───── Input records ─────
lemma has_partial_in_if_weakly_partial:
  fixes f :: "'a::euclidean_space \<Rightarrow> 'e"
  assumes "open \<Omega>" and "x \<in> \<Omega>"
    and weak: "\<And>g y. g \<in> G \<Longrightarrow> y \<in> \<Omega> \<Longrightarrow> \<exists>L. has_partial_in euclidean (*) (g \<circ> f) b y L"
  shows "\<exists>l. has_partial_in (seminorm_topology UNIV P) smul f b x l"
proof -
  have "open {h::real. x + h *\<^sub>R b \<in> \<Omega>}" "0 \<in> {h::real. x + h *\<^sub>R b \<in> \<Omega>}"
    using assms(1,2) open_line_preimage by auto
  then obtain \<delta> where "\<delta> > 0" and line: "\<And>h. h \<in> {-\<delta>..\<delta>} \<Longrightarrow> x + h *\<^sub>R b \<in> \<Omega>"
    by (metis (no_types, lifting) cball_eq_atLeastAtMost diff_0 add_0 mem_Collect_eq open_contains_cball subsetD)
  define q where "q h = smul (of_real (1 / h)) (f (x + h *\<^sub>R b) - f x)" for h :: real
  have gq: "g (q h) = of_real (1 / h) * (g (f (x + h *\<^sub>R b)) - g (f x))" if "g \<in> G" for g h
  proof -
    have "g \<in> top_dual smul P"
      using G_dual that by blast
    then show ?thesis
      by (simp add: q_def top_dual_diff top_dual_scale)
  qed
  obtain L where L: "\<And>g. g \<in> G \<Longrightarrow> has_partial_in euclidean (*) (g \<circ> f) b x (L g)"
    using weak[OF _ \<open>x \<in> \<Omega>\<close>] by metis
  have lim: "((\<lambda>h. g (q h)) \<longlongrightarrow> L g) (at 0)" if "g \<in> G" for g
    using L[OF that] by (simp add: has_partial_in_def gq[OF that])
  have bdd: "bounded (g ` q ` ({-\<delta>..\<delta>} - {0}))" if "g \<in> G" for g
  proof -
    define \<phi> where "\<phi> h = g (f (x + h *\<^sub>R b))" for h
    have "isCont \<phi> h" if h: "h \<in> {-\<delta>..\<delta>}" for h
    proof -
      obtain L' where "has_partial_in euclidean (*) (g \<circ> f) b (x + h *\<^sub>R b) L'"
        using weak[OF \<open>g \<in> G\<close> line[OF h]] by blast
      then have "((\<lambda>t. of_real (1 / t) * (\<phi> (h + t) - \<phi> h)) \<longlongrightarrow> L') (at 0)"
        by (simp add: has_partial_in_def \<phi>_def scaleR_add_left add.assoc)
      then show ?thesis
        by (rule isCont_if_difference_quotient)
    qed
    then have "continuous_on {-\<delta>..\<delta>} \<phi>"
      by (rule continuous_at_imp_continuous_on[rule_format])
    moreover have "((\<lambda>h. of_real (1 / h) * (\<phi> h - \<phi> 0)) \<longlongrightarrow> L g) (at 0)"
      using lim[OF that] by (simp add: gq[OF that] \<phi>_def)
    ultimately have "bounded ((\<lambda>h. of_real (1 / h) * (\<phi> h - \<phi> 0)) ` ({-\<delta>..\<delta>} - {0}))"
      by (rule bounded_difference_quotient)
    also have "(\<lambda>h. of_real (1 / h) * (\<phi> h - \<phi> 0)) ` ({-\<delta>..\<delta>} - {0}) = g ` q ` ({-\<delta>..\<delta>} - {0})"
      by (simp add: image_image gq[OF that] \<phi>_def)
    finally show ?thesis .
  qed
  have ev: "eventually (\<lambda>h. q h \<in> q ` ({-\<delta>..\<delta>} - {0})) (at 0)"
    unfolding eventually_at using \<open>\<delta> > 0\<close> by (intro exI[of _ \<delta>]) (auto intro!: imageI simp: abs_less_iff)
  obtain l where "limitin (seminorm_topology UNIV P) q l (at 0)"
    by (rule limitin_if_weakly_convergent[where q = q and L = L, OF at_neq_bot ev bdd lim])
  then show ?thesis
    unfolding has_partial_in_def q_def by blast
qed

lemma Ck_on_if_weakly_Ck:
  fixes f :: "'a::euclidean_space \<Rightarrow> 'e"
  assumes "open \<Omega>" and "\<forall>g\<in>G. Ck_scalar \<Omega> k (g \<circ> f)"
  shows "Ck_on (seminorm_topology UNIV P) smul \<Omega> k f"
  using assms(2)
proof (induction k arbitrary: f)
  case 0
  then show ?case
    using continuous_map_if_weakly_continuous[OF assms(1)] by simp
next
  case (Suc k)
  show ?case
    unfolding Ck_on.simps
  proof (intro ballI, intro conjI)
    fix b :: 'a assume "b \<in> Basis"
    have weak: "(\<forall>y\<in>\<Omega>. \<exists>L. has_partial_in euclidean (*) (g \<circ> f) b y L)
        \<and> Ck_scalar \<Omega> k (partial_in euclidean (*) (g \<circ> f) b)" if "g \<in> G" for g
      using Suc.prems that \<open>b \<in> Basis\<close> unfolding Ck_on.simps by blast
    show partial: "\<forall>x\<in>\<Omega>. \<exists>l. has_partial_in (seminorm_topology UNIV P) smul f b x l"
      using has_partial_in_if_weakly_partial[OF assms(1)] weak by blast
    have "Ck_scalar \<Omega> k (g \<circ> partial_in (seminorm_topology UNIV P) smul f b)" if "g \<in> G" for g
    proof (rule Ck_on_cong[OF assms(1) _ weak[OF that, THEN conjunct2]])
      fix y assume "y \<in> \<Omega>"
      then show "partial_in euclidean (*) (g \<circ> f) b y = (g \<circ> partial_in (seminorm_topology UNIV P) smul f b) y"
        using partial_in_top_dual[of g smul P f b y] G_dual partial that by auto
    qed
    then show "Ck_on (seminorm_topology UNIV P) smul \<Omega> k (partial_in (seminorm_topology UNIV P) smul f b)"
      using Suc.IH by blast
  qed
qed

end

theorem mainTheorem12:
  fixes smul :: "'k::real_normed_field \<Rightarrow> 'e::ab_group_add \<Rightarrow> 'e"
    and P :: "'i \<Rightarrow> 'e \<Rightarrow> real"
    and G :: "('e \<Rightarrow> 'k) set"
    and \<Omega> :: "'a::euclidean_space set"
    and k :: nat
    and f :: "'a \<Rightarrow> 'e"
  assumes "semi_montel smul P"
    and "G \<subseteq> top_dual smul P"
    and "linear_subspace_fun G"
    and "determines_boundedness smul P G"
    and "open \<Omega>"
    and "\<forall>e'\<in>G. Ck_scalar \<Omega> k (e' \<circ> f)"
  shows "Ck_on (seminorm_topology UNIV P) smul \<Omega> k f"
proof -
  interpret semi_montel_determining smul P G
    using assms(1,2,4) by unfold_locales
  show ?thesis
    using Ck_on_if_weakly_Ck assms(5,6) by blast
qed

end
─────
The task:
Find the lines in the data that hold the word "UNIV". Reply with how many there are and nothing more.

Solution for this task:
8